Ik ben eigenlijk ook niet bang. Ik werk en ik kan het bijbenen, al is het flink druk. Ik heb vijf weken allerlei vage lichamelijke klachten gehad, maar die zijn nu over. Ik heb niets te klagen. Ik heb alleen het rare gevoel dat ieder woord dat mensen tegen me gaan zeggen een geweer zal zijn. Ik verwacht constant een dodelijke schotwond in mijn ziel, hoewel bijna iedereen om mij heen vriendelijk is.
Anna pakt mijn hand. Haar handpalm is niet plakkend zweterig, en ook niet afstotend droog. Haar vingers zijn geruststellend op de mijne. Dat is zo fijn als je iemand zelf bedenkt: die reageert altijd precies goed. Toch zit ik bijna te huilen – misschien wel ómdat ze precies goed reageert.
‘Het gaat weer voorbij,’ zegt ze. ‘Dat weet je. Dan gaan we de bunker weer uit en maken we ons nergens meer druk om.’
‘Verveel je je?’ vraag ik haastig. ‘Had ik niet moeten vragen of je –’
‘Sst…’ zegt ze.
‘De kinderen wachten natuurlijk op je. En Matthew. Ze zullen zich wel afvragen waar je –’
‘Jij hebt hen toch ook bedacht? Ze weten waar ik ben. Ze vinden het niet erg.’
Ze vinden het niet erg omdat ze niet echt bestaan, al lijkt het wel zo. Mijn zenuwen staan strakker. Ik ben alleen. Niet in die bunker waar geen pistoolschot kan doordringen. Ik ben… ergens. Waar eigenlijk? Tussen onbekenden die ik niet kan inschatten? Die dingen kunnen zeggen die me zullen doorzeven met –?

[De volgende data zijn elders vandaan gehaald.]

(* In coordinates with p1 = [1:0:0] and p2 = [0:1:0], respectively p2 the direction of the line
   z = 0 at p1, the quadratic maps
     (x(z - ty), y(z - tx), z^2 - t^2xy)   and   (xz, y(z - ty), z^2 - t^2y^2)
   have base points p1, p2 and [1:1:t], respectively [0:1:t], for t \<noteq> 0, and equal z \<cdot> id,
   i.e. the identity, at t = 0. Both have explicit quadratic inverses depending polynomially on t,
   so they form a Demazure family; the third base point at t = 0 lies on the line z = 0 through
   p1 and p2. A linear change of coordinates moves p1 and p2 to arbitrary position and carries
   base points, homaloidal nets and the absence of common factors along with it. *)

lemma c012_simps [simp]: "c0 (x,y,z) = x" "c1 (x,y,z) = y" "c2 (x,y,z) = z"
  by (simp_all add: c0_def c1_def c2_def)

lemma fampoly_altdef:
  "fampoly d P \<longleftrightarrow> (\<exists>(N::nat) C. \<forall>t v. P t v =
     (\<Sum>a\<le>N. \<Sum>i\<le>d. \<Sum>j\<le>d-i. C a i j * t^a * c0 v^i * c1 v^j * c2 v^(d-i-j)))"
  unfolding fampoly_def c0_def c1_def c2_def by auto

lemma fampoly_cong: "fampoly d P \<Longrightarrow> (\<And>t v. P t v = Q t v) \<Longrightarrow> fampoly d Q"
  by (metis ext)

lemma fampoly_monomial:
  assumes "i + j + k = d"
  shows "fampoly d (\<lambda>t v. c * t^a * c0 v^i * c1 v^j * c2 v^k)"
  unfolding fampoly_altdef
proof (intro exI allI)
  fix t v
  have pull: "(\<Sum>x\<in>A. if P then f x else 0) = (if P then sum f A else 0)" for P A and f :: "nat \<Rightarrow> 'a"
    by simp
  have "k = d - i - j" using assms by simp
  then show "c * t^a * c0 v^i * c1 v^j * c2 v^k = (\<Sum>a'\<le>a. \<Sum>i'\<le>d. \<Sum>j'\<le>d-i'.
      (if a' = a then if i' = i then if j' = j then c else 0 else 0 else 0)
        * t^a' * c0 v^i' * c1 v^j' * c2 v^(d-i'-j'))"
    using assms by (simp add: if_distrib[where f="\<lambda>x. x * _"] pull sum.delta cong: if_cong)
qed

lemma fampoly_zero: "fampoly d (\<lambda>t v. 0)"
  using fampoly_monomial[of 0 0 d d 0 0] by simp

lemma fampoly_const: "fampoly 0 (\<lambda>t v. c)"
  using fampoly_monomial[of 0 0 0 0 c 0] by simp

lemma fampoly_t: "fampoly 0 (\<lambda>t v. t)"
  using fampoly_monomial[of 0 0 0 0 1 1] by simp

lemma fampoly_x: "fampoly 1 (\<lambda>t v. c0 v)"
  using fampoly_monomial[of 1 0 0 1 1 0] by simp

lemma fampoly_y: "fampoly 1 (\<lambda>t v. c1 v)"
  using fampoly_monomial[of 0 1 0 1 1 0] by simp

lemma fampoly_z: "fampoly 1 (\<lambda>t v. c2 v)"
  using fampoly_monomial[of 0 0 1 1 1 0] by simp

lemma fampoly_cmult:
  assumes "fampoly d P"
  shows "fampoly d (\<lambda>t v. c * P t v)"
proof -
  obtain N C where P: "\<And>t v. P t v =
     (\<Sum>a\<le>N. \<Sum>i\<le>d. \<Sum>j\<le>d-i. C a i j * t^a * c0 v^i * c1 v^j * c2 v^(d-i-j))"
    using assms unfolding fampoly_altdef by blast
  show ?thesis unfolding fampoly_altdef
    by (intro exI[of _ N] exI[of _ "\<lambda>a i j. c * C a i j"]) (simp add: P sum_distrib_left mult.assoc)
qed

‘Weet je dat de uitgever van “De Schreeuw van de Pauw” failliet is?’ hijg ik. ‘De rechten van het boek liggen weer helemaal bij mij. Het bestaat officieel niet meer. Ik kan het verhaal opnieuw schrijven. Ik kan iedere dag bij jullie op Northend Abbey zijn terwijl ik dat doe. Ik gebruik die tien jaar extra ervaring die ik nu heb om het verhaal compacter te maken, beter, precies goed. Het zal exact worden zoals wij het bedoeld hadden.’
Anna houdt mijn hand iets steviger vast. ‘Wel heftig om al die ellende weer te moeten beleven.’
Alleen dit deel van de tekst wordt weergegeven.